(* Let $\mu$ be the Cauchy distribution $d\mu(x)=\frac1\pi\frac{dx}{1+x^2}$, $\alpha\ge0$, $\beta>0$, $s=\alpha+\beta$. For $u_0\in\mathbb R$ let $u=f_{\alpha,\beta}(u_0)$ and $v=v_s(u_0)$. Then \[\frac{du}{du_0}=\frac{(1+v)(s^2+4\alpha v^2(1+v))-(\alpha-\beta)sv}{s(1+v)(s+2v^2(1+v))}.\]
   Context: $v_s(u)=\inf\{v>0:\int\frac{d\mu(x)}{(u-x)^2+v^2}\le\frac1s\}$; $f_{\alpha,\beta}(u_0)=\mathrm{Re}[H_{\alpha-\beta}(u_0+iv_s(u_0))]=u_0+(\alpha-\beta)\int\frac{(u_0-x)\,d\mu(x)}{(u_0-x)^2+v_s(u_0)^2}$, where $H_r(z)=z+r\int\frac{d\mu(x)}{z-x}$. *)

theory Defs
  imports "HOL-Probability.Probability"
begin

definition cauchy_measure :: "real measure" where
  "cauchy_measure = density lborel (\<lambda>x. ennreal (1 / (pi * (1 + x\<^sup>2))))"

definition v_s :: "real measure \<Rightarrow> real \<Rightarrow> real \<Rightarrow> real" where
  "v_s \<mu> s u = Inf {v. v > 0 \<and> (\<integral>x. 1 / ((u - x)\<^sup>2 + v\<^sup>2) \<partial>\<mu>) \<le> 1 / s}"

definition f_ab :: "real measure \<Rightarrow> real \<Rightarrow> real \<Rightarrow> real \<Rightarrow> real" where
  "f_ab \<mu> \<alpha> \<beta> u0 = u0 + (\<alpha> - \<beta>) *
     (\<integral>x. (u0 - x) / ((u0 - x)\<^sup>2 + (v_s \<mu> (\<alpha> + \<beta>) u0)\<^sup>2) \<partial>\<mu>)"

end

theory Submission
  imports Defs "HOL-Real_Asymp.Real_Asymp"
begin

text \<open>
  The Cauchy transform of the Cauchy distribution is \<open>\<integral> d\<mu>(x) / (z - x) = 1 / (z + i)\<close> on the
  upper half plane. Taking imaginary and real parts at \<open>z = u + i v\<close> gives
  \<open>\<integral> d\<mu>(x) / ((u - x)\<^sup>2 + v\<^sup>2) = (1 + v) / (v (u\<^sup>2 + (1 + v)\<^sup>2))\<close> and
  \<open>\<integral> (u - x) d\<mu>(x) / ((u - x)\<^sup>2 + v\<^sup>2) = u / (u\<^sup>2 + (1 + v)\<^sup>2)\<close>; here both are verified
  with explicit antiderivatives. Consequently \<open>v\<^sub>s(u)\<close> is the unique \<open>v > 0\<close> with
  \<open>u\<^sup>2 = s (1 + v) / v - (1 + v)\<^sup>2\<close>, whose right-hand side is strictly decreasing in \<open>v\<close>, and
  \<open>f\<^sub>\<alpha>\<^sub>,\<^sub>\<beta>(u) = u + (\<alpha> - \<beta>) / s \<cdot> u v / (1 + v)\<close> with \<open>v = v\<^sub>s(u)\<close>. The derivative
  then follows from the inverse function rule for \<open>v\<close> as a function of \<open>u\<^sup>2\<close>.
\<close>

lemma integral_lborel_eq_limits:
  fixes F g :: "real \<Rightarrow> real" and a b :: real
  assumes deriv: "\<And>x. (F has_real_derivative g x) (at x)" and cont: "\<And>x. isCont g x"
    and int: "integrable lborel g"
    and bot: "(F \<longlongrightarrow> a) at_bot" and top: "(F \<longlongrightarrow> b) at_top"
  shows "integral\<^sup>L lborel g = b - a"
proof -
  have "(LBINT x=-\<infinity>..\<infinity>. g x) = b - a"
  proof (rule interval_integral_FTC_integrable)
    show "(F has_vector_derivative g x) (at x)" for x
      using deriv[of x] by (simp add: has_real_derivative_iff_has_vector_derivative)
    show "set_integrable lborel (einterval (-\<infinity>) \<infinity>) g"
      using int by (simp add: set_integrable_def einterval_eq_UNIV)
    show "((F \<circ> real_of_ereal) \<longlongrightarrow> a) (at_right (-\<infinity>))"
      using bot by (simp add: ereal_tendsto_simps1)
    show "((F \<circ> real_of_ereal) \<longlongrightarrow> b) (at_left \<infinity>)"
      using top by (simp add: ereal_tendsto_simps1)
  qed (use cont in simp_all)
  then show ?thesis
    by (simp add: interval_lebesgue_integral_def set_lebesgue_integral_def einterval_eq_UNIV)
qed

+--

# GOAL OF THE EXERCISE
Please, from the entries above, set down exactly the lines from the one containing "real \<Rightarrow> real \<Rightarrow> real \<Rightarrow>" through the one containing "(1 + v)\<^sup>2))\<close> and", and only those.

# COMPLETED EXERCISE
definition f_ab :: "real measure \<Rightarrow> real \<Rightarrow> real \<Rightarrow> real \<Rightarrow> real" where
  "f_ab \<mu> \<alpha> \<beta> u0 = u0 + (\<alpha> - \<beta>) *
     (\<integral>x. (u0 - x) / ((u0 - x)\<^sup>2 + (v_s \<mu> (\<alpha> + \<beta>) u0)\<^sup>2) \<partial>\<mu>)"

end

theory Submission
  imports Defs "HOL-Real_Asymp.Real_Asymp"
begin

text \<open>
  The Cauchy transform of the Cauchy distribution is \<open>\<integral> d\<mu>(x) / (z - x) = 1 / (z + i)\<close> on the
  upper half plane. Taking imaginary and real parts at \<open>z = u + i v\<close> gives
  \<open>\<integral> d\<mu>(x) / ((u - x)\<^sup>2 + v\<^sup>2) = (1 + v) / (v (u\<^sup>2 + (1 + v)\<^sup>2))\<close> and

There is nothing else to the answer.